Она звонила друзьям, записывала адреса и номера телефонов, покупала сувениры, выбирала самые нарядные из своих платьев и в один прекрасный день на рассвете мчалась на аэродром в тряском такси, дворники которого размазывали по мокрому ветровому стеклу очертания обнаженных деревьев и матовое сияние уличных фонарей.
Немногие в многолюдном городе замечали ее отсутствие: трое сослуживцев из редакции радио (с ними Златина любила после работы выпить по чашке кофе), соседка, которой она оставляла ключи с просьбой поливать цветы, дочь ее брата (она ждала подарка от тетки — сиреневого лака для ногтей).
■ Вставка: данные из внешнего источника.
lemma affine_crossing_point:
  fixes c k s m :: real
  assumes "k > 0" "c > 0" "m > 0"
  defines "p \<equiv> if k*s*m < k*m + c then m else c / (k*(s - 1))"
  shows "0 < p \<and> p \<le> m \<and> (\<forall>q. 0 \<le> q \<and> q < p \<longrightarrow> k*s*q < c + k*q)
    \<and> (\<forall>q. p < q \<and> q \<le> m \<longrightarrow> c + k*q < k*s*q)"
proof (cases "k*s*m < k*m + c")
  case True
  have "k*s*q < c + k*q" if "0 \<le> q" "q < m" for q
  proof (cases "s \<le> 1")
    case True
    then have "k*s*q \<le> k*q" using that \<open>k > 0\<close> mult_right_mono[of s 1 q] by (simp add: mult.assoc)
    then show ?thesis using \<open>c > 0\<close> by linarith
  next
    case False
    then have "k*(s - 1)*q < k*(s - 1)*m" using that \<open>k > 0\<close> by simp
    then show ?thesis using \<open>k*s*m < k*m + c\<close> by (simp add: algebra_simps)
  qed
  then show ?thesis using True \<open>m > 0\<close> unfolding p_def by auto
next
  case False
  then have "c \<le> k*(s - 1)*m" by (simp add: algebra_simps)
  then have slope: "k*(s - 1) > 0"
    using assms(2,3) by (smt (verit) mult_nonpos_nonneg)
  have p: "p = c / (k*(s - 1))" using False unfolding p_def by simp
  show ?thesis
    unfolding p using slope \<open>c > 0\<close> \<open>c \<le> k*(s - 1)*m\<close>
    by (auto simp: divide_le_eq less_divide_eq divide_less_eq algebra_simps)
qed

lemma power_gap_unimodal:
  fixes A B c k m \<beta> :: real
  assumes "A > 0" "B > 0" "k > 0" "c > 0" "m > 0" "0 < \<beta>" "\<beta> < 1"
  defines "f \<equiv> \<lambda>q. A * q powr \<beta> - B * (c + k*q) powr \<beta>"
    and "s \<equiv> (A / (B * k powr \<beta>)) powr (1 / (\<beta> - 1))"
  defines "p \<equiv> if B * k powr \<beta> / A * (1 + c / (k*m)) powr (\<beta> - 1) < 1 then m
               else c / (k*(s - 1))"
  shows "p \<in> {0<..m}" "strict_mono_on {0..p} f" "strict_antimono_on {p..m} f"
proof -
  have "s > 0" using assms unfolding s_def by simp
  have s_powr: "s powr (\<beta> - 1) = A / (B * k powr \<beta>)"
    using assms unfolding s_def by (simp add: powr_powr)
  then have A_eq: "A = B * k powr \<beta> * s powr (\<beta> - 1)"
    using assms by simp
  have "B * k powr \<beta> / A * (1 + c / (k*m)) powr (\<beta> - 1) < 1
        \<longleftrightarrow> (1 + c / (k*m)) powr (\<beta> - 1) < s powr (\<beta> - 1)"
    using assms unfolding s_powr by (simp add: field_simps)
  also have "\<dots> \<longleftrightarrow> s < 1 + c / (k*m)"
    using assms \<open>s > 0\<close> by (intro powr_neg_less_iff) (auto simp: add_pos_pos)
  also have "\<dots> \<longleftrightarrow> k*s*m < k*m + c"
    using assms by (simp add: field_simps)
  finally have p: "p = (if k*s*m < k*m + c then m else c / (k*(s - 1)))"
    unfolding p_def by simp
  have "0 < p" "p \<le> m" and below: "\<And>q. 0 \<le> q \<Longrightarrow> q < p \<Longrightarrow> k*s*q < c + k*q"
    and above: "\<And>q. p < q \<Longrightarrow> q \<le> m \<Longrightarrow> c + k*q < k*s*q"
    using affine_crossing_point[OF assms(3-5), of s] unfolding p by auto
  then show "p \<in> {0<..m}" by simp
  show "strict_mono_on {0..p} f"
    unfolding f_def using assms below
    by (intro power_gap_strict_mono_on[OF _ _ _ \<open>s > 0\<close> _ _ A_eq]) auto
  show "strict_antimono_on {p..m} f"
    unfolding f_def using assms above \<open>0 < p\<close>
    by (intro power_gap_strict_antimono_on[OF _ _ _ \<open>s > 0\<close> _ _ A_eq]) auto
qed

lemma wfun_pos: "wfun \<mu> q > 0"
  by (simp add: wfun_def)

lemma Useller_eq_power_gap:
  assumes "0 \<le> \<pi>" "\<pi> < \<kappa>" "Q < dh" "q \<in> {0..Q - dl}"
  shows "Useller \<kappa> lam \<beta> \<mu> p Q dl dh \<pi> 0 q
    = wfun \<mu> (1 - p) * \<pi> powr \<beta> * q powr \<beta>
      - wfun \<mu> p * lam * (\<kappa> * (dh - Q) + (\<kappa> - \<pi>) * q) powr \<beta>"
proof -
  have "\<kappa> * (dh - Q) + (\<kappa> - \<pi>) * q > 0"
    using assms by (simp add: add_pos_nonneg)
  then have "vfun lam \<beta> (\<pi> * q + \<kappa> * (Q - q - dh) - 0)
      = - lam * (\<kappa> * (dh - Q) + (\<kappa> - \<pi>) * q) powr \<beta>"
    unfolding vfun_def by (simp add: algebra_simps)
  moreover have "vfun lam \<beta> (\<pi> * q + 0 - 0) = \<pi> powr \<beta> * q powr \<beta>"
    using assms unfolding vfun_def by (simp add: powr_mult)
  moreover have "Lpen \<kappa> (Q - q - dl) = 0" "Lpen \<kappa> (Q - q - dh) = \<kappa> * (Q - q - dh)"
    using assms unfolding Lpen_def by auto
  ultimately show ?thesis unfolding Useller_def by simp
qed

theorem mainTheorem5:
  fixes \<kappa> lam \<beta> \<mu> p Q dl dh \<pi> :: real
  assumes "\<kappa> > 0" and "0 < dl" and "dl < Q" and "Q < dh"
    and "0 < p" and "p < 1" and "lam \<ge> 1" and "0 < \<mu>" and "\<mu> \<le> 1"
    and "0 < \<pi>" and "\<pi> < \<kappa>" and "0 < \<beta>" and "\<beta> < 1"
  defines "U \<equiv> Useller \<kappa> lam \<beta> \<mu> p Q dl dh \<pi> 0"
    and "G \<equiv> (lam * (\<kappa> - \<pi>) powr \<beta> * wfun \<mu> p) / (\<pi> powr \<beta> * wfun \<mu> (1 - p))
             * (1 + \<kappa> * (dh - Q) / ((\<kappa> - \<pi>) * (Q - dl))) powr (\<beta> - 1)"
    and "qstar \<equiv> (\<kappa> / (\<kappa> - \<pi>) * (dh - Q)) /
             ((wfun \<mu> (1 - p) * \<pi> powr \<beta> / (wfun \<mu> p * lam * (\<kappa> - \<pi>) powr \<beta>))
                powr (1 / (\<beta> - 1)) - 1)"
  shows "(\<forall>x y. local_max_on {0..Q - dl} U x \<and> local_max_on {0..Q - dl} U y \<longrightarrow> x = y)
       \<and> (G < 1 \<longrightarrow> (\<forall>q\<in>{0..Q - dl}. U q \<le> U (Q - dl)))
       \<and> (G \<ge> 1 \<longrightarrow> qstar \<in> {0<..Q - dl} \<and> (\<forall>q\<in>{0..Q - dl}. U q \<le> U qstar))"
proof -
  define A B k c m where "A = wfun \<mu> (1 - p) * \<pi> powr \<beta>" and "B = wfun \<mu> p * lam"
    and "k = \<kappa> - \<pi>" and "c = \<kappa> * (dh - Q)" and "m = Q - dl"
  define f where "f = (\<lambda>q. A * q powr \<beta> - B * (c + k*q) powr \<beta>)"
  define peak where "peak = (if G < 1 then m else qstar)"
  have pos: "A > 0" "B > 0" "k > 0" "c > 0" "m > 0"
    using assms wfun_pos[of \<mu>] unfolding A_def B_def k_def c_def m_def by auto
  have U_eq: "U q = f q" if "q \<in> {0..m}" for q
    using Useller_eq_power_gap[of \<pi> \<kappa> Q dh q dl] assms that
    unfolding U_def f_def A_def B_def c_def k_def m_def by simp
  have G_eq: "G = B * k powr \<beta> / A * (1 + c / (k*m)) powr (\<beta> - 1)"
    using pos unfolding G_def A_def B_def c_def k_def m_def by (simp add: field_simps)
  have qstar_eq: "qstar = c / (k * ((A / (B * k powr \<beta>)) powr (1 / (\<beta> - 1)) - 1))"
    using pos unfolding qstar_def A_def B_def c_def k_def by (simp add: field_simps)
  have peak: "peak \<in> {0<..m}" "strict_mono_on {0..peak} f" "strict_antimono_on {peak..m} f"
    using power_gap_unimodal[OF pos assms(12,13)] unfolding peak_def G_eq qstar_eq f_def by blast+
  then have "strict_mono_on {0..peak} U" "strict_antimono_on {peak..m} U"
    using U_eq monotone_on_cong[of "{0..peak}" U f] monotone_on_cong[of "{peak..m}" U f] by auto
  then have "\<forall>q\<in>{0..m}. U q \<le> U peak" "\<forall>x. local_max_on {0..m} U x \<longrightarrow> x = peak"
    using le_peak_if_strict_mono_antimono local_max_on_eq_peak_if_strict_mono_antimono peak(1)
    by (blast, simp)
  then show ?thesis
    using peak(1) unfolding peak_def m_def by auto
qed

end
Больше всех, особенно в первые дни разлуки, ее отсутствие ощущал Мартин, привыкший каждое утро звонить Златине по телефону, болтать о пустяках, шутить и терпеливо выслушивать ее бесконечные рассказы о своих снах.
Сейчас телефон молчал, и Мартин испытывал острую потребность чувствовать, что она где–то близко или хотя бы не так уж далеко: идет по улице к трамвайной остановке, такой похожей на ту, что возле ее дома, или сидит в вестибюле посеревшей от туманов портовой гостиницы, а над головой у нее раскачивается клетка с изумрудно–зеленым попугаем.
Он очень бы обрадовался, увидев, к примеру, ее выстиранные чулки, небрежно перекинутые через спинку стула, или в прихожей туфли с прилипшими к каблукам желтыми листьями. Но сейчас следы Златины терялись где–то в облаках. Образ ее стал смутным, обратился в звук (он никак не пробьется к городским крышам сквозь толщу серых туч).
Некоторые поступки Златины казались Мартину странными. Она могла занять деньги у малознакомых людей, уехать на аэродром или на вокзал не причесавшись. А стоило ей опуститься на сиденье, увидеть в окно вагона машущие на прощанье руки с поблескивающими на них часами или различить под крылом самолета городские окраины, как она облегченно вздыхала, словно поставив на землю тяжелый чемодан, до красноты натерший ей руки, и улыбалась, прижимаясь лбом к оконному стеклу.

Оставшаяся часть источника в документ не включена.